Sophia is a student living in a hostel. She and her roommates and some other girls from their college had a night out and went to a party. Now in that quoted text the costumes of the people attended the party were being described.

Question -

  1. What is the meaning of the first bold part of the quoted text?

  2. And in the second bold part of the sentence does it describe Sophia's costumes which she wore in the party at night or is it talking about Sophia's costume earlier in the day?

  3. And what is the meaning of Daisy duke convention?

Thanking you in advance.

  • 1
    Umm... If you've ever watched The Dukes of Hazzard, you would understand it instantly. (I'm a little shy to post the picture here.) See the page en.wikipedia.org/wiki/Daisy_Duke.
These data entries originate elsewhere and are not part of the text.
lemma sums_arctan_series:
  fixes x :: real
  assumes "-3 < x" "x < 1" "\<bar>x ^ 3 / (x - 1)\<bar> < 27 / 4"
  shows "(\<lambda>n. let k = Suc n in
            (((2*x - 3)^2 * real k + 2*x^2 + 2*x - 3) * x^(3*k))
            / ((x - 1)^k * real ((3*k) choose k)))
    sums (-2 * x^3 * (x + 7) / (x + 3)^2
          + 8 * x^2 * (x - 1) * q_fun x / ((x + 3)^2 * sqrt ((1 - x) * (3 + x))))"
proof -
  define f where "f k = ((2 * x - 3) ^ 2 * real k + (2 * x ^ 2 + 2 * x - 3)) * (x ^ 3 / (x - 1)) ^ k
    / real ((3 * k) choose k)" for k
  have "f sums (arctan_antiderivative x 1 - arctan_antiderivative x 0)"
    unfolding f_def using assms
    by (intro sums_div_binomial_3k has_real_derivative_arctan_antiderivative) auto
  moreover have "arctan_antiderivative x 1 - arctan_antiderivative x 0
      = (-2 * x^3 * (x + 7) / (x + 3)^2
          + 8 * x^2 * (x - 1) * q_fun x / ((x + 3)^2 * sqrt ((1 - x) * (3 + x)))) + f 0"
  proof -
    define s where "s = sqrt ((1 - x) * (3 + x))"
    have "0 < s" using assms by (simp add: s_def)
    have "arctan_numerator x 1
        = (x - 1) ^ 2 * (-2 * x ^ 3 * (x + 7) + (2 * x ^ 2 + 2 * x - 3) * (x + 3) ^ 2)"
      unfolding arctan_numerator_def arctan_coeffs_def by (simp add: eval_nat_numeral) algebra
    moreover have "cubic_den x 1 = x - 1" by (simp add: cubic_den_def)
    ultimately have N1: "arctan_numerator x 1 / cubic_den x 1 ^ 2
        = -2 * x ^ 3 * (x + 7) + (2 * x ^ 2 + 2 * x - 3) * (x + 3) ^ 2"
      using assms(2) by simp
    have N0: "arctan_numerator x 0 = 0" by (simp add: arctan_numerator_def)
    have "arctan_antiderivative x 1 - arctan_antiderivative x 0
        = (arctan_numerator x 1 / cubic_den x 1 ^ 2 + 8 * x ^ 2 * (x - 1) / s
            * (arctan ((x - 1) / s) - arctan (- (x + 1) / s))) / (x + 3) ^ 2"
    proof -
      have "2 * x * 1 - x - 1 = x - 1" "2 * x * 0 - x - 1 = - (x + 1)" by simp_all
      then show ?thesis unfolding arctan_antiderivative_def N0 s_def[symmetric]
        using assms(1) \<open>0 < s\<close> by (simp only:) (simp add: field_simps)
    qed
    also have "\<dots> = (-2 * x ^ 3 * (x + 7) + (2 * x ^ 2 + 2 * x - 3) * (x + 3) ^ 2
        + 8 * x ^ 2 * (x - 1) / s * q_fun x) / (x + 3) ^ 2"
      unfolding N1 s_def arctan_diff_eq_q_fun[OF assms(1,2)] ..
    also have "\<dots> = -2 * x ^ 3 * (x + 7) / (x + 3) ^ 2
        + 8 * x ^ 2 * (x - 1) * q_fun x / ((x + 3) ^ 2 * s) + (2 * x ^ 2 + 2 * x - 3)"
      using assms(1) \<open>0 < s\<close> by (simp add: field_simps)
    finally show ?thesis by (simp add: f_def s_def)
  qed
  ultimately have "(\<lambda>n. f (Suc n)) sums (-2 * x^3 * (x + 7) / (x + 3)^2
          + 8 * x^2 * (x - 1) * q_fun x / ((x + 3)^2 * sqrt ((1 - x) * (3 + x))))"
    by (simp add: sums_Suc_iff)
  moreover have "f (Suc n) = (let k = Suc n in
      (((2*x - 3)^2 * real k + 2*x^2 + 2*x - 3) * x^(3*k)) / ((x - 1)^k * real ((3*k) choose k)))"
    for n
    unfolding f_def Let_def power_cube_div_eq by (simp add: add_diff_eq add.assoc)
  ultimately show ?thesis by simp
qed
(* GREEDY and RANKING have online competitive ratio $0$ for IFM: for every $\varepsilon>0$ there exists an IFM instance on which $\min_{i\in I}\mathbb E[Z_i]\le\varepsilon\cdot\mathrm{OPT}$ under GREEDY, and likewise an instance on which this holds under RANKING. Since IFM is the special case of GFM in which every group is a singleton $\{i\}$, the same holds for GFM.
   Context: Model. An instance consists of a finite bipartite graph $(I,J,E)$, where $I$ is the set of offline agents and $J$ the set of online agent types, with $|J|=T$, together with problem-specific data described below. For $i\in I$ let $\mathcal N_i=\{j\in J:(i,j)\in E\}$ and for $j\in J$ let $\mathcal N_j=\{i\in I:(i,j)\in E\}$; write $i\sim j$ (equivalently $j\sim i$) when $(i,j)\in E$. There are $T$ rounds $t=1,\dots,T$; in each round exactly one online agent arrives, whose type is drawn uniformly at random from $J$ (each type with probability $1/T$), independently across rounds. Each offline agent can be matched at most once. When an online agent of type $j$ arrives, an online algorithm (which knows the instance but not future arrivals) must immediately and irrevocably either reject it or match it to a currently unmatched $i\in\mathcal N_j$. Let $Z_i$ be the indicator that offline agent $i$ is matched by the end. Objectives: IFM maximizes $\min_{i\in I}\mathbb E[Z_i]$; GFM, given a collection $\mathcal G$ of nonempty subsets of $I$ (groups, possibly overlapping), maximizes $\min_{G\in\mathcal G}\frac1{|G|}\sum_{i\in G}\mathbb E[Z_i]$. A clairvoyant policy observes the entire arrival sequence before choosing (possibly randomly) which arrivals to match to which compatible unmatched offline agents; the clairvoyant optimum $\mathrm{OPT}$ is the supremum of the objective over clairvoyant policies. GREEDY (for IFM): when an online agent of type $j$ arrives, if it has at least one currently unmatched neighbor, match it to one chosen uniformly at random among its currently unmatched neighbors; otherwise reject. RANKING: before the online phase draw a uniformly random permutation $\pi$ of $I$; when an online agent of type $j$ arrives, match it to the currently unmatched neighbor of $j$ that comes earliest in $\pi$, or reject if none exists. *)

theory Defs
  imports "HOL-Probability.Probability"
begin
Daisy Duke usually wears her short-shorts. In your story, Sophia must have felt being out of fashion because her dress doesn't show enough of her skin comparing to other girls, not in the slightest. – Damkerng T. Feb 9 '14 at 14:43
  • For the meaning and similar use of "between" , see also this question – oerkelens Feb 10 '14 at 9:36
2

between her (Sophia) sorority sisters and the rest of the women here, she noticed more short-shorts and bare midriffs than she'd ever seen in the campus quad on the first warm day of spring

-- She is just saying the girls are all wearing very little clothing. Their shorts are cut very high, and their shirts leave their stomachs exposed (bare midriff)

Marcia and the girls had gone shopping earlier that day, leaving Sophia feeling almost dowdy in her jeans and sleeveless blouse.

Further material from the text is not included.